The records shown below are to be repeated exactly and completely.

Records to use:
::::::::::
lemma minimizer_unique:
  assumes w1: "is_minimizer F X lam y w1" and w2: "is_minimizer F X lam y w2"
  shows "w1 = w2"
proof (rule ccontr)
  assume "w1 \<noteq> w2"
  let ?f = "objective F X lam y"
  define c where "c = 1 / (2 * real CARD('n))"
  define a where "a = y - X *v w1"
  define b where "b = y - X *v w2"
  define m where "m = (1 - 1/2) *\<^sub>R w1 + (1/2) *\<^sub>R w2"
  have "X *v (w2 - w1) \<noteq> 0"
    using Gram_invertible_imp_kernel_zero[OF inv] \<open>w1 \<noteq> w2\<close> by force
  then have "a - b \<noteq> 0"
    by (simp add: a_def b_def matrix_vector_mult_diff_distrib)
  have "y - X *v m = (1/2) *\<^sub>R (a + b)"
    by (simp add: vec_eq_iff m_def a_def b_def matrix_vector_mult_scaleR
        matrix_vector_right_distrib algebra_simps)
  moreover have "(norm ((1/2) *\<^sub>R (a + b)))\<^sup>2 = ((norm a)\<^sup>2 + (norm b)\<^sup>2) / 2 - (norm (a - b))\<^sup>2 / 4"
    by (simp add: power2_norm_eq_inner inner_add inner_diff algebra_simps inner_commute; simp add: field_simps)
  ultimately have quadratic: "(norm (y - X *v m))\<^sup>2 = ((norm a)\<^sup>2 + (norm b)\<^sup>2) / 2 - (norm (a - b))\<^sup>2 / 4"
    by simp
  have "Omega F m \<le> (Omega F w1 + Omega F w2) / 2"
    using convex_onD[OF convex_on_Omega[OF sub mono F0], of "1/2" w1 w2] by (simp add: m_def)
  then have "?f m \<le> c * (((norm a)\<^sup>2 + (norm b)\<^sup>2) / 2 - (norm (a - b))\<^sup>2 / 4)
      + lam * ((Omega F w1 + Omega F w2) / 2)"
    using quadratic lam by (simp add: objective_def c_def)
  also have "\<dots> = (?f w1 + ?f w2) / 2 - c * (norm (a - b))\<^sup>2 / 4"
    by (simp add: objective_def c_def a_def b_def add_divide_distrib diff_divide_distrib
        right_diff_distrib distrib_left)
  also have "\<dots> < ?f w1"
  proof -
    have "c * (norm (a - b))\<^sup>2 > 0" using \<open>a - b \<noteq> 0\<close> by (simp add: c_def)
    moreover have "?f w1 = ?f w2" using w1 w2 unfolding is_minimizer_def by (meson order.antisym)
    ultimately show ?thesis by simp
  qed
  finally show False using w1 unfolding is_minimizer_def by (meson not_le)
qed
::::::::::
Exercise result:
lemma minimizer_unique:
  assumes w1: "is_minimizer F X lam y w1" and w2: "is_minimizer F X lam y w2"
  shows "w1 = w2"
proof (rule ccontr)
  assume "w1 \<noteq> w2"
  let ?f = "objective F X lam y"
  define c where "c = 1 / (2 * real CARD('n))"
  define a where "a = y - X *v w1"
  define b where "b = y - X *v w2"
  define m where "m = (1 - 1/2) *\<^sub>R w1 + (1/2) *\<^sub>R w2"
  have "X *v (w2 - w1) \<noteq> 0"
    using Gram_invertible_imp_kernel_zero[OF inv] \<open>w1 \<noteq> w2\<close> by force
  then have "a - b \<noteq> 0"
    by (simp add: a_def b_def matrix_vector_mult_diff_distrib)
  have "y - X *v m = (1/2) *\<^sub>R (a + b)"
    by (simp add: vec_eq_iff m_def a_def b_def matrix_vector_mult_scaleR
        matrix_vector_right_distrib algebra_simps)
  moreover have "(norm ((1/2) *\<^sub>R (a + b)))\<^sup>2 = ((norm a)\<^sup>2 + (norm b)\<^sup>2) / 2 - (norm (a - b))\<^sup>2 / 4"
    by (simp add: power2_norm_eq_inner inner_add inner_diff algebra_simps inner_commute; simp add: field_simps)
  ultimately have quadratic: "(norm (y - X *v m))\<^sup>2 = ((norm a)\<^sup>2 + (norm b)\<^sup>2) / 2 - (norm (a - b))\<^sup>2 / 4"
    by simp
  have "Omega F m \<le> (Omega F w1 + Omega F w2) / 2"
    using convex_onD[OF convex_on_Omega[OF sub mono F0], of "1/2" w1 w2] by (simp add: m_def)
  then have "?f m \<le> c * (((norm a)\<^sup>2 + (norm b)\<^sup>2) / 2 - (norm (a - b))\<^sup>2 / 4)
      + lam * ((Omega F w1 + Omega F w2) / 2)"
    using quadratic lam by (simp add: objective_def c_def)
  also have "\<dots> = (?f w1 + ?f w2) / 2 - c * (norm (a - b))\<^sup>2 / 4"
    by (simp add: objective_def c_def a_def b_def add_divide_distrib diff_divide_distrib
        right_diff_distrib distrib_left)
  also have "\<dots> < ?f w1"
  proof -
    have "c * (norm (a - b))\<^sup>2 > 0" using \<open>a - b \<noteq> 0\<close> by (simp add: c_def)
    moreover have "?f w1 = ?f w2" using w1 w2 unfolding is_minimizer_def by (meson order.antisym)
    ultimately show ?thesis by simp
  qed
  finally show False using w1 unfolding is_minimizer_def by (meson not_le)
qed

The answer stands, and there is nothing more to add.